During each cell cycle, regardless of normal or cancer cells, DNA mutations may be acquired. Thus, the acquisition of mutations is a stochastic and random process. Consequently, innumerable rounds of cell divisions required for the formation of macroscopic tumors offer plenty of opportunities for Darwinian selection and emergence of clonal diversity in tumor cell populations. During clonal evolution, only a few “jackpot” mutations that activate oncogenic pathways and/or inactivate tumor suppressors are selectively advantageous, allowing the mutant clones to achieve selective sweeps. These functionally significant mutations are termed “drivers”. In contrast, the vast majority of mutations are functionally neutral since they do not confer competitive fitness advantage. These mutations are so-called “passengers” and are mainly responsible for intratumor heterogeneity [35]. Importantly, clonal evolution often proceeds in a branching rather than in a linear manner, further contributing to variegated tumor subclones and the complexity of tumor evolution [14]. In fact, many neutral or mildly deleterious mutations during clonal expansion can be retained in the population, or even undergo expansions due to the genetic drift [32,35]. Moreover, given the fact that the Darwinian selection is context-specific, and the evolutionary dynamics of tumor microenvironment and epigenomic events could translate into heterogeneous selective pressures experienced by tumor cells, the selective effect of given mutations (either driver or passenger) can change substantially at different stages of tumor progression [14].

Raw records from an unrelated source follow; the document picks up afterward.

(* Let $\mathcal{G}$ be a class of graphs with bounded expansion, and let $s\in\mathbb{N}$. Then there exists an integer $d=d(\mathcal{G},s)$ such that every $K_{2,s}$-free graph $G\in\mathcal{G}$ is strongly $d$-degenerate and hence satisfies $\mathrm{HG}(G)\le(2d)^d$.
   Context: A graph $H$ is a shallow minor of $G$ at depth $r$ (integer $r\ge0$) if there are disjoint sets $V_1,\dots,V_p\subseteq V(G)$ such that each $G[V_i]$ contains a vertex $x_i$ with every vertex of $V_i$ at distance at most $r$ from $x_i$ in $G[V_i]$, and $H$ is (isomorphic to) a subgraph of the graph obtained by contracting each $V_i$ to a single vertex (two contracted vertices adjacent iff some edge joins the corresponding sets). $\nabla_r(G)$ is the maximum of $e(H)/v(H)$ over all non-empty shallow minors $H$ of $G$ at depth $r$. A class $\mathcal{G}$ has bounded expansion if for every integer $r\ge0$ there is a constant $C_r$ with $\nabla_r(G)\le C_r$ for all $G\in\mathcal{G}$. A graph is $K_{2,s}$-free if it has no subgraph isomorphic to $K_{2,s}$. For an integer $d\ge1$, a vertex $v$ of $G$ is $d$-removable in $G$ if $d_G(v)\le d$ and at most one neighbour $w$ of $v$ has $d_G(w)>d$; $G$ is strongly $d$-degenerate if every non-empty subgraph $G'$ of $G$ contains a vertex $d$-removable in $G'$. Hat guessing number $\mathrm{HG}(G)$: the largest $q$ such that there are functions $f_v\colon[q]^{N_G(v)}\to[q]$ ($v\in V(G)$) with the property that for every colouring $c\colon V(G)\to[q]$ some $v$ has $f_v((c(w))_{w\in N_G(v)})=c(v)$. *)

theory Defs
  imports Complex_Main "HOL-Library.FuncSet"
begin

type_synonym 'a graph = "'a set \<times> 'a set set"

definition verts :: "'a graph \<Rightarrow> 'a set" where "verts G = fst G"
definition edges :: "'a graph \<Rightarrow> 'a set set" where "edges G = snd G"

definition graph :: "'a graph \<Rightarrow> bool" where
  "graph G \<longleftrightarrow> finite (verts G) \<and>
     (\<forall>e\<in>edges G. \<exists>u v. e = {u, v} \<and> u \<noteq> v \<and> u \<in> verts G \<and> v \<in> verts G)"

definition nbrs :: "'a graph \<Rightarrow> 'a \<Rightarrow> 'a set" where
  "nbrs G v = {w \<in> verts G. {v, w} \<in> edges G}"

definition degree :: "'a graph \<Rightarrow> 'a \<Rightarrow> nat" where
  "degree G v = card (nbrs G v)"

definition subgraph :: "'a graph \<Rightarrow> 'a graph \<Rightarrow> bool" where
  "subgraph H G \<longleftrightarrow> graph H \<and> verts H \<subseteq> verts G \<and> edges H \<subseteq> edges G"

fun reach_in :: "'a set set \<Rightarrow> 'a set \<Rightarrow> 'a \<Rightarrow> nat \<Rightarrow> 'a \<Rightarrow> bool" where
  "reach_in E S x 0 y \<longleftrightarrow> x \<in> S \<and> y = x"
| "reach_in E S x (Suc n) y \<longleftrightarrow> reach_in E S x n y \<or>
     (\<exists>z. reach_in E S x n z \<and> y \<in> S \<and> {z, y} \<in> E)"

text \<open>H is a shallow minor of G at depth r: there are disjoint branch sets
  B 0, ..., B (p-1) of radius at most r (in the induced subgraphs), and H is
  isomorphic (via the injective edge-preserving map f) to a subgraph of the
  graph obtained by contracting each branch set.\<close>
definition shallow_minor :: "nat \<Rightarrow> 'a graph \<Rightarrow> 'b graph \<Rightarrow> bool" where
  "shallow_minor r G H \<longleftrightarrow> graph H \<and>
    (\<exists>(p::nat) (B::nat \<Rightarrow> 'a set) (f::'b \<Rightarrow> nat).
       (\<forall>i<p. B i \<subseteq> verts G \<and> (\<exists>x\<in>B i. \<forall>y\<in>B i. reach_in (edges G) (B i) x r y)) \<and>
       (\<forall>i<p. \<forall>j<p. i \<noteq> j \<longrightarrow> B i \<inter> B j = {}) \<and>
       inj_on f (verts H) \<and> f ` verts H \<subseteq> {..<p} \<and>
       (\<forall>u\<in>verts H. \<forall>v\<in>verts H. {u, v} \<in> edges H \<longrightarrow>
          (\<exists>a\<in>B (f u). \<exists>b\<in>B (f v). {a, b} \<in> edges G)))"

text \<open>nabla_r(G) \<le> C, i.e. e(H)/v(H) \<le> C for every non-empty shallow minor H
  at depth r (shallow minors are taken up to isomorphism, represented on
  vertex type nat).\<close>
definition nabla_le :: "nat \<Rightarrow> 'a graph \<Rightarrow> real \<Rightarrow> bool" where
  "nabla_le r G C \<longleftrightarrow> (\<forall>H :: nat graph. shallow_minor r G H \<and> verts H \<noteq> {} \<longrightarrow>
      real (card (edges H)) / real (card (verts H)) \<le> C)"

definition bounded_expansion :: "'a graph set \<Rightarrow> bool" where
  "bounded_expansion \<G> \<longleftrightarrow> (\<forall>r. \<exists>C. \<forall>G\<in>\<G>. nabla_le r G C)"

definition K2s_free :: "nat \<Rightarrow> 'a graph \<Rightarrow> bool" where
  "K2s_free s G \<longleftrightarrow> \<not> (\<exists>a b S. a \<in> verts G \<and> b \<in> verts G \<and> a \<noteq> b \<and>
      S \<subseteq> verts G - {a, b} \<and> card S = s \<and> finite S \<and>
      (\<forall>x\<in>S. {a, x} \<in> edges G \<and> {b, x} \<in> edges G))"

definition removable :: "nat \<Rightarrow> 'a graph \<Rightarrow> 'a \<Rightarrow> bool" where
  "removable d G v \<longleftrightarrow> v \<in> verts G \<and> degree G v \<le> d \<and>
     card {w \<in> nbrs G v. degree G w > d} \<le> 1"

definition strongly_degenerate :: "nat \<Rightarrow> 'a graph \<Rightarrow> bool" where
  "strongly_degenerate d G \<longleftrightarrow>
     (\<forall>G'. subgraph G' G \<and> verts G' \<noteq> {} \<longrightarrow> (\<exists>v. removable d G' v))"
lemma prob_phat_close_ge:
  assumes "1 \<le> n" "\<And>i. 1 \<le> i \<Longrightarrow> i \<le> n \<Longrightarrow> 0 < w i" "0 < \<epsilon>"
  defines "W \<equiv> \<Sum>i=1..n. w i" and "V \<equiv> \<Sum>i=1..n. (w i / lam i)\<^sup>2"
  shows "1 - 2 * exp (- 2 * (\<epsilon> * W)\<^sup>2 / V) \<le> measure M {x \<in> space M. \<bar>phat lam w r n x - p\<bar> \<le> \<epsilon>}"
proof -
  define S where "S b = deviation lam w p (sample_path b) n ()" for b
  define t where "t = \<epsilon> * W"
  define s where "s = 4 * t / V" \<comment> \<open>minimises - s t + s^2 V / 8\<close>
  have W: "0 < W"
    unfolding W_def using assms(1,2) by (intro sum_pos) auto
  have V: "0 < V"
    unfolding V_def using assms(1) assms(2)[of 1] lam1 by (intro sum_power2_pos) auto
  have s: "0 < s"
    unfolding s_def t_def using assms(3) W V by simp
  have close_iff: "\<bar>phat lam w r n x - p\<bar> \<le> \<epsilon> \<longleftrightarrow> \<bar>S (observed_word n x)\<bar> \<le> t" for x
  proof -
    have "deviation lam w p r n x = S (observed_word n x)"
      unfolding S_def by (intro deviation_cong) (auto simp: observed_word_def)
    then show ?thesis
      using W phat_minus_eq_deviation[where n=n and w=w and r=r and x=x]
      unfolding W_def[symmetric] t_def by (simp add: abs_divide divide_le_eq)
  qed
  have mgf: "(\<Sum>b\<in>binary_words n. word_prob n b * exp (\<sigma> * S b)) \<le> exp (s\<^sup>2 * V / 8)"
    if "\<sigma> \<in> {s, - s}" for \<sigma>
    using sum_mgf_summand_le[of w \<sigma> n] that unfolding S_def V_def mgf_summand_def by auto
  have "1 - 2 * exp (- 2 * t\<^sup>2 / V) = 1 - 2 * exp (- s * t) * exp (s\<^sup>2 * V / 8)"
    using V unfolding s_def by (simp add: field_simps power2_eq_square flip: exp_add)
  also have "\<dots> \<le> (\<Sum>b\<in>{b\<in>binary_words n. \<bar>S b\<bar> \<le> t}. word_prob n b)"
    using mgf[of s] mgf[of "- s"] s by (intro Chernoff_two_sided_finite)
      (auto simp: finite_binary_words word_prob_nonneg sum_word_prob)
  also have "\<dots> = measure M {x \<in> space M. \<bar>phat lam w r n x - p\<bar> \<le> \<epsilon>}"
    unfolding close_iff by (rule measure_observed_word[symmetric])
  finally show ?thesis
    unfolding t_def .
qed

end

theorem theoremA14:
  fixes M :: "'a measure" and r :: "nat \<Rightarrow> 'a \<Rightarrow> real"
    and lam w :: "nat \<Rightarrow> real" and p \<epsilon> \<alpha> :: real and n :: nat
  assumes M: "prob_space M"
    and p: "0 < p" "p < 1"
    and lam1: "lam 1 = 1"
    and lam_pos: "\<And>k. k > 1 \<Longrightarrow> 0 < lam k"
    and lam_mono: "\<And>k. k > 1 \<Longrightarrow> lam k \<le> lam (k - 1)"
    and r_meas: "\<And>i. i \<ge> 1 \<Longrightarrow> r i \<in> borel_measurable M"
    and r_01: "\<And>i x. i \<ge> 1 \<Longrightarrow> x \<in> space M \<Longrightarrow> r i x \<in> {0, 1}"
    and r1: "measure M {x \<in> space M. r 1 x = 1} = p"
    and r_cond: "\<And>k b. k \<ge> 2 \<Longrightarrow> (\<forall>i\<in>{1..k-1}. b i \<in> {0::real, 1}) \<Longrightarrow>
        measure M {x \<in> space M. (\<forall>i\<in>{1..k-1}. r i x = b i) \<and> r k x = 1}
        = (lam k * p + (1 - lam k) * ((\<Sum>i=1..k-1. b i) / real (k - 1)))
          * measure M {x \<in> space M. \<forall>i\<in>{1..k-1}. r i x = b i}"
    and n: "n \<ge> 1"
    and w_pos: "\<And>i. 1 \<le> i \<Longrightarrow> i \<le> n \<Longrightarrow> 0 < w i"
    and eps: "0 < \<epsilon>"
    and alpha: "0 < \<alpha>" "\<alpha> < 1"
    and hyp: "(\<Sum>i=1..n. w i)\<^sup>2 \<ge>
        1 / (2 * \<epsilon>\<^sup>2) * ln (2 / \<alpha>) * (\<Sum>i=1..n. (w i / lam i)\<^sup>2)"
  shows "measure M {x \<in> space M. \<bar>phat lam w r n x - p\<bar> \<le> \<epsilon>} \<ge> 1 - \<alpha>"
proof -
  interpret debiased_sampling M r lam p
    using M p lam1 lam_pos lam_mono r_meas r_01 r1 r_cond
    by (intro debiased_sampling.intro debiased_sampling_axioms.intro) auto
  define W where "W = (\<Sum>i=1..n. w i)"
  define V where "V = (\<Sum>i=1..n. (w i / lam i)\<^sup>2)"
  have V: "0 < V"
    unfolding V_def using n w_pos[of 1] lam1 by (intro sum_power2_pos) auto
  have "ln (2 / \<alpha>) \<le> 2 * (\<epsilon> * W)\<^sup>2 / V"
    using hyp eps V unfolding W_def[symmetric] V_def[symmetric]
    by (simp add: field_simps power_mult_distrib)
  then have "exp (- 2 * (\<epsilon> * W)\<^sup>2 / V) \<le> exp (- ln (2 / \<alpha>))"
    by simp
  also have "\<dots> = \<alpha> / 2"
    using alpha by (simp add: exp_minus)
  finally have tail: "exp (- 2 * (\<epsilon> * W)\<^sup>2 / V) \<le> \<alpha> / 2" .
  have "1 - 2 * exp (- 2 * (\<epsilon> * W)\<^sup>2 / V) \<le>
      measure M {x \<in> space M. \<bar>phat lam w r n x - p\<bar> \<le> \<epsilon>}"
    unfolding W_def V_def using n w_pos eps by (rule prob_phat_close_ge)
  with tail show ?thesis
    by linarith
qed

end
(* Let $n,d,\ell$ be positive integers with $n\geqslant\ell\geqslant d$, let $0<\beta\leqslant1$, and let $\boldsymbol{X}$ be a spreadable, $d$-dimensional random array on $[n]$ whose entries take values in a measurable space $\mathcal{X}$, and assume that $\boldsymbol{X}$ is not $(\beta,\ell)$-dissociated. Then there exists a measurable function $f\colon\mathcal{X}^{\binom{[n]}{d}}\to\{0,1\}$ such that for every $I\in\binom{[n]}{\ell}$, \[ \mathbb{P}\big(\big|\mathbb{E}[f(\boldsymbol{X})\,|\,\mathcal{F}_I]-\mathbb{E}[f(\boldsymbol{X})]\big|\geqslant\beta/2\big)\geqslant\beta/2. \]
   Context: $[n]=\{1,\dots,n\}$, $\binom{I}{d}$ is the set of $d$-element subsets of $I$. For $J\subseteq[n]$ with $|J|\geqslant d$, $\boldsymbol{X}_J=\langle X_s:s\in\binom{J}{d}\rangle$ and $\mathcal{F}_J=\sigma(\{X_s:s\in\binom{J}{d}\})$. $\boldsymbol{X}$ is spreadable if for all $J,K\subseteq[n]$ with $|J|=|K|\geqslant d$, $\boldsymbol{X}_J$ and $\boldsymbol{X}_K$ have the same law (identified via the increasing bijection $J\to K$). $\boldsymbol{X}$ is $(\beta,\ell)$-dissociated if for every $J,K\subseteq[n]$ with $|J|,|K|\geqslant d$, $|J|+|K|\leqslant\ell$ and $\max(J)<\min(K)$, and all events $A\in\mathcal{F}_J$, $B\in\mathcal{F}_K$, $|\mathbb{P}(A\cap B)-\mathbb{P}(A)\mathbb{P}(B)|\leqslant\beta$. *)

theory Defs
  imports "HOL-Probability.Probability"
begin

3.2. Spatial Intratumor Heterogeneity
Spatial intratumor heterogeneity has been elucidated at high resolution in many cancer types [15,36,37,38,39,40]. Recently, several groups have performed multi-regional deep-sequencing, and have presented a comprehensive heterogeneous landscape of ESCC [41,42,43,44]. Through analyzing 51 sub-tumor regions from 13 ESCC patients, Hao et al. [42] proposed that approximately 40% of driver mutations were spatially heterogeneous, including oncogenes such as KIT, and members of the PI3K/MTOR (PIK3CA and MTOR) and NFE2L2 pathways (NFE2L2 and KEAP1). In addition, significant spatial heterogeneity was observed in copy number alterations, including EGFR amplification and CDKN2A/B deletions [42]. Furthermore, taking into consideration the multi-step progression of ESCC, Zeng’s team [43] sequenced different segments of ESCC tumors and their matched dysplasia samples in a cohort of 20 patients. Their analyses showed that esophagus dysplasia also carried high mutation load and, remarkably, more heterogeneous mutations were seen in dysplasia than in tumor samples from each patient. Moreover, through sequencing 682 micro-scale esophageal samples, Yokoyama et al. [45] reported very recently that pervasive expansions of multiple independent clones were more commonly present within physiologically normal esophagus in comparison to ESCCs. These seemingly surprising data indicate that diversified mutational backgrounds were already established in the precursor lesion or even normal esophageal epithelia, conferring on the esophageal cells the ability to evade selection pressure during ESCC development. Moreover, the degree and complexity of spatial heterogeneity was found to be highly correlated with ESCC aggressiveness [44]. Specifically, clinical stage of ESCC was negatively correlated with the proportion of ubiquitous mutations, and significantly more heterogeneous mutations were observed in ESCC patients with local metastasis, compared to those without.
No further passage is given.